--- EXTRACTED ENTRIES ---
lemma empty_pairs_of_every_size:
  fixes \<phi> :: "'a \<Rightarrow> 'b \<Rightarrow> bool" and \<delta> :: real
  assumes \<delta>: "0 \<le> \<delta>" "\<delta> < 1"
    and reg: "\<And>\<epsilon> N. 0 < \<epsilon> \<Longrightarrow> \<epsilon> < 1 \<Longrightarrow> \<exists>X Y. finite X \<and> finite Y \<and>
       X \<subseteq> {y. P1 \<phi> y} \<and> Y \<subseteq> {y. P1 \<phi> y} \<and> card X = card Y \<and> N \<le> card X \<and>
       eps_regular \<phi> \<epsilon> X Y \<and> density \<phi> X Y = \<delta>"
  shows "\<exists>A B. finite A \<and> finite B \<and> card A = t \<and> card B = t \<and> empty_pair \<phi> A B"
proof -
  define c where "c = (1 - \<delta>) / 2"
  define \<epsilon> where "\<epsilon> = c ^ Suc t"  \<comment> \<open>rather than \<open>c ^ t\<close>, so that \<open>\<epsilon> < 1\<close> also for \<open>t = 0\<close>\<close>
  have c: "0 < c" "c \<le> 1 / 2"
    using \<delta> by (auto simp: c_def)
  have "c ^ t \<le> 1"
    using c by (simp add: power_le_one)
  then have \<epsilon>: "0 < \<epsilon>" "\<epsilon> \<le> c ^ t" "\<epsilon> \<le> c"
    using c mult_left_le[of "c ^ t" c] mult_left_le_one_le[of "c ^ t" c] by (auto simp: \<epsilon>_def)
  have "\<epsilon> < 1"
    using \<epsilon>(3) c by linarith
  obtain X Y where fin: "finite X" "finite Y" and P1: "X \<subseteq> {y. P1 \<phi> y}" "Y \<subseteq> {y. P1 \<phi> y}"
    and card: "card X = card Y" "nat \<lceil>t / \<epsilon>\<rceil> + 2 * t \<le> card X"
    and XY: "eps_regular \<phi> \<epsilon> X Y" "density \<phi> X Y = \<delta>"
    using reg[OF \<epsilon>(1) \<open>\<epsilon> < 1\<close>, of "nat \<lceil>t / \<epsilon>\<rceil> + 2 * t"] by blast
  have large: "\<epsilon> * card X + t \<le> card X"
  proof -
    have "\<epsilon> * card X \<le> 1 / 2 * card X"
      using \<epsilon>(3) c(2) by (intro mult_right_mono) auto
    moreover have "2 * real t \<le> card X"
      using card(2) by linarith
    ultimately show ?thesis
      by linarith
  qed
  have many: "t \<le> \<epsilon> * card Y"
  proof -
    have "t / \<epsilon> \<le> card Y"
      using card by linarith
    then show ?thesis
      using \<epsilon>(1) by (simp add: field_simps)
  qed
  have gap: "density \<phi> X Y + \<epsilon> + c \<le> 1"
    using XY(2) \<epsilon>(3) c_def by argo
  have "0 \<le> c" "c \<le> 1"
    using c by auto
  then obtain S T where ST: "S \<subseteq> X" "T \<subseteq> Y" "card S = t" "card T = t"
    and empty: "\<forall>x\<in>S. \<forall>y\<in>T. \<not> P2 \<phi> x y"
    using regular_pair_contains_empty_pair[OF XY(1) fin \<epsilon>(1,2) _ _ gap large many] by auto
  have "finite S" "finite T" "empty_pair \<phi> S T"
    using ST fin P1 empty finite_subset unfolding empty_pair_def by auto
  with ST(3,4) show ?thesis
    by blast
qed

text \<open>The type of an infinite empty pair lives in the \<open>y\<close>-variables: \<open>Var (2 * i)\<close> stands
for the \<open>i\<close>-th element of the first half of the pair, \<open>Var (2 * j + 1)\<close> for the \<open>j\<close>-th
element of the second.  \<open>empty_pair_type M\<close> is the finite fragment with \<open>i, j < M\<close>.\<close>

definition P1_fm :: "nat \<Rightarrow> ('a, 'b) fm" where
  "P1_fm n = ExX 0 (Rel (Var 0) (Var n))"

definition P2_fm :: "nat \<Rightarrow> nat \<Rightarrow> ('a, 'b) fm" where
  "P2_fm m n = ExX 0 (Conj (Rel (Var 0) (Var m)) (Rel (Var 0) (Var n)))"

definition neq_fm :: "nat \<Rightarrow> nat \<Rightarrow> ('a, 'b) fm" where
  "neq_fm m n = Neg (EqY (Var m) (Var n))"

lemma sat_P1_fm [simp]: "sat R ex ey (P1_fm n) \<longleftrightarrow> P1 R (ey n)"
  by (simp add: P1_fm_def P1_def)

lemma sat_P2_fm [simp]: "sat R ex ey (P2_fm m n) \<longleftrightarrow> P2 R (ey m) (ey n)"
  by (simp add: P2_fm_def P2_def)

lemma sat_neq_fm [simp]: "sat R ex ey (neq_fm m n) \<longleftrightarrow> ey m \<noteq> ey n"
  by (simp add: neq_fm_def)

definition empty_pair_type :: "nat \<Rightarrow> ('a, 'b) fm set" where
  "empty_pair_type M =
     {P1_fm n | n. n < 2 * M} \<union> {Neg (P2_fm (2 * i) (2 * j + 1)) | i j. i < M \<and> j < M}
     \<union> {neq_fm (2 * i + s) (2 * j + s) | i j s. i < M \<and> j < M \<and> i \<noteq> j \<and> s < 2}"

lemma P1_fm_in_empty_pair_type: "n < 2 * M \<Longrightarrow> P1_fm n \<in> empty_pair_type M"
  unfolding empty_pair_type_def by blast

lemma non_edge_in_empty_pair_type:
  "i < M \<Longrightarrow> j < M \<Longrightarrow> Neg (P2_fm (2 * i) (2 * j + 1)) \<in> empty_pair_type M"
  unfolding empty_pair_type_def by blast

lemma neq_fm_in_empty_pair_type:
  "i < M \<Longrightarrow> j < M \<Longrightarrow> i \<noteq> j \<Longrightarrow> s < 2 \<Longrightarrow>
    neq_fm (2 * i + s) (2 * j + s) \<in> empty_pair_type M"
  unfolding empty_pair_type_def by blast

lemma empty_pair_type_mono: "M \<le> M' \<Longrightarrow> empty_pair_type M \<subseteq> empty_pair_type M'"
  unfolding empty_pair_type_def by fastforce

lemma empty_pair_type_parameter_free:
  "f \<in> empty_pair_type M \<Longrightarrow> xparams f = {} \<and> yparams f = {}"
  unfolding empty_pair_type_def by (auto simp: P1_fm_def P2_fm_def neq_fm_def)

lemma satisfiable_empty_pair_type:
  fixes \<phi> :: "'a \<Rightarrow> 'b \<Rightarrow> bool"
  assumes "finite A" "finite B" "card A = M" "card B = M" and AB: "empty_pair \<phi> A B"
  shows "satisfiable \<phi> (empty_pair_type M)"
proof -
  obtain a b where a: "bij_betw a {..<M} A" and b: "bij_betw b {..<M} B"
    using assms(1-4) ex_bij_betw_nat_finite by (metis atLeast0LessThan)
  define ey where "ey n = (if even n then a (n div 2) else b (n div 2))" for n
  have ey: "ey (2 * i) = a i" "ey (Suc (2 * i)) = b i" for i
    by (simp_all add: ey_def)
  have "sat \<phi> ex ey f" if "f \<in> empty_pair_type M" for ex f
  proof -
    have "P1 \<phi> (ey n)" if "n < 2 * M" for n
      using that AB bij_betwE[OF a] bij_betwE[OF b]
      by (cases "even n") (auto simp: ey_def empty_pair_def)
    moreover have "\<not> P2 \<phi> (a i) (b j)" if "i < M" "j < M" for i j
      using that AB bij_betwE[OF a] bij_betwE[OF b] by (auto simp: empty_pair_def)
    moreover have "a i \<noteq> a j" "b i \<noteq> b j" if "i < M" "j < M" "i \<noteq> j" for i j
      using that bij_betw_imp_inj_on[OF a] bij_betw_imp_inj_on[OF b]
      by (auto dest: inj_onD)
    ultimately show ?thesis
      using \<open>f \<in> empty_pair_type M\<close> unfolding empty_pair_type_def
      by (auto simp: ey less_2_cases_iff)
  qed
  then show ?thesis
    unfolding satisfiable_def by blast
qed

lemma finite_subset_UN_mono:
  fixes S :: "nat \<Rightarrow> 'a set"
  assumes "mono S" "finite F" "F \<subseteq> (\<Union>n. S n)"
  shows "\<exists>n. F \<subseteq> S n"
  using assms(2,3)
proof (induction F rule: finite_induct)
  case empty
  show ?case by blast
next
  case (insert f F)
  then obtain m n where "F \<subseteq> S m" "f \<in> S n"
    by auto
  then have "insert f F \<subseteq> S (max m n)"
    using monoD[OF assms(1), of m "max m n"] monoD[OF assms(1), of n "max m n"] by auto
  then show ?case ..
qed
---
--- EXTRACTED ENTRIES ---
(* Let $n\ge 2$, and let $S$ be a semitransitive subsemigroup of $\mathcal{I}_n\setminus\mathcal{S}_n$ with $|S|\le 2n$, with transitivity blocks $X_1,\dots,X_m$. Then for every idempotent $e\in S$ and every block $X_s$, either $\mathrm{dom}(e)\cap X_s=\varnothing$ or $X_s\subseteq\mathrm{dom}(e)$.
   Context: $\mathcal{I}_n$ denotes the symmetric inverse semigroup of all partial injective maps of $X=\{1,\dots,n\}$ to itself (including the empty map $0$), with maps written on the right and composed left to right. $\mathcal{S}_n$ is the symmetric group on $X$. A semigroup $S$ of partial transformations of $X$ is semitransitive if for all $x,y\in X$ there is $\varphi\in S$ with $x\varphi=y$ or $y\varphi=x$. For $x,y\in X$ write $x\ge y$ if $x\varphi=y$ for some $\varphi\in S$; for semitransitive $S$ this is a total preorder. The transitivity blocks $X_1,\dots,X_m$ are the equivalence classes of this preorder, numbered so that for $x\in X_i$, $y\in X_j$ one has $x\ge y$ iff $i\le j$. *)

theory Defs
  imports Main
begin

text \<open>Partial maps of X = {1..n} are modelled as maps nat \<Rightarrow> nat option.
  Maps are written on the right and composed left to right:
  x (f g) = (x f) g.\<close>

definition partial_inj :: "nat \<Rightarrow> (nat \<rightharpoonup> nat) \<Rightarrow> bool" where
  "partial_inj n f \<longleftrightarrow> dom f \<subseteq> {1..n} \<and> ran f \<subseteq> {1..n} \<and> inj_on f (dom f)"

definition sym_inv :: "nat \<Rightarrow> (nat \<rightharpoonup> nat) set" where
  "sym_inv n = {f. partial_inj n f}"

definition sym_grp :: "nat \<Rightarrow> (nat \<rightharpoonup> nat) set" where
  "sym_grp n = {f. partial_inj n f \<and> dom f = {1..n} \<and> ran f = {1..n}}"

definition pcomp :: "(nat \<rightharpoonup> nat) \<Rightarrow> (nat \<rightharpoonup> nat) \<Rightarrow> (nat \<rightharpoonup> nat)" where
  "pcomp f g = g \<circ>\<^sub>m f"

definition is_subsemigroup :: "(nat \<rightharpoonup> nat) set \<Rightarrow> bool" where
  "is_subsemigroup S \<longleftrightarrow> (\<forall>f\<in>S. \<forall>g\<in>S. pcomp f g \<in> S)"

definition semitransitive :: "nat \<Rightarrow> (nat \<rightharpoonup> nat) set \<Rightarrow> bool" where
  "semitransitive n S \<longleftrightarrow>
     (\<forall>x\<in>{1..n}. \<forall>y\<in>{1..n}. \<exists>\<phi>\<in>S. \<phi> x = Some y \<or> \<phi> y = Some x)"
---
> **WORK REQUEST**
Set down, exactly as they stand above, the lines starting with the line with "M \<Longrightarrow> Neg" and going on through the line with "by (auto dest: inj_onD)", and no others.

> **EXERCISE RESULT**
  "i < M \<Longrightarrow> j < M \<Longrightarrow> Neg (P2_fm (2 * i) (2 * j + 1)) \<in> empty_pair_type M"
  unfolding empty_pair_type_def by blast

lemma neq_fm_in_empty_pair_type:
  "i < M \<Longrightarrow> j < M \<Longrightarrow> i \<noteq> j \<Longrightarrow> s < 2 \<Longrightarrow>
    neq_fm (2 * i + s) (2 * j + s) \<in> empty_pair_type M"
  unfolding empty_pair_type_def by blast

lemma empty_pair_type_mono: "M \<le> M' \<Longrightarrow> empty_pair_type M \<subseteq> empty_pair_type M'"
  unfolding empty_pair_type_def by fastforce

lemma empty_pair_type_parameter_free:
  "f \<in> empty_pair_type M \<Longrightarrow> xparams f = {} \<and> yparams f = {}"
  unfolding empty_pair_type_def by (auto simp: P1_fm_def P2_fm_def neq_fm_def)

lemma satisfiable_empty_pair_type:
  fixes \<phi> :: "'a \<Rightarrow> 'b \<Rightarrow> bool"
  assumes "finite A" "finite B" "card A = M" "card B = M" and AB: "empty_pair \<phi> A B"
  shows "satisfiable \<phi> (empty_pair_type M)"
proof -
  obtain a b where a: "bij_betw a {..<M} A" and b: "bij_betw b {..<M} B"
    using assms(1-4) ex_bij_betw_nat_finite by (metis atLeast0LessThan)
  define ey where "ey n = (if even n then a (n div 2) else b (n div 2))" for n
  have ey: "ey (2 * i) = a i" "ey (Suc (2 * i)) = b i" for i
    by (simp_all add: ey_def)
  have "sat \<phi> ex ey f" if "f \<in> empty_pair_type M" for ex f
  proof -
    have "P1 \<phi> (ey n)" if "n < 2 * M" for n
      using that AB bij_betwE[OF a] bij_betwE[OF b]
      by (cases "even n") (auto simp: ey_def empty_pair_def)
    moreover have "\<not> P2 \<phi> (a i) (b j)" if "i < M" "j < M" for i j
      using that AB bij_betwE[OF a] bij_betwE[OF b] by (auto simp: empty_pair_def)
    moreover have "a i \<noteq> a j" "b i \<noteq> b j" if "i < M" "j < M" "i \<noteq> j" for i j
      using that bij_betw_imp_inj_on[OF a] bij_betw_imp_inj_on[OF b]
      by (auto dest: inj_onD)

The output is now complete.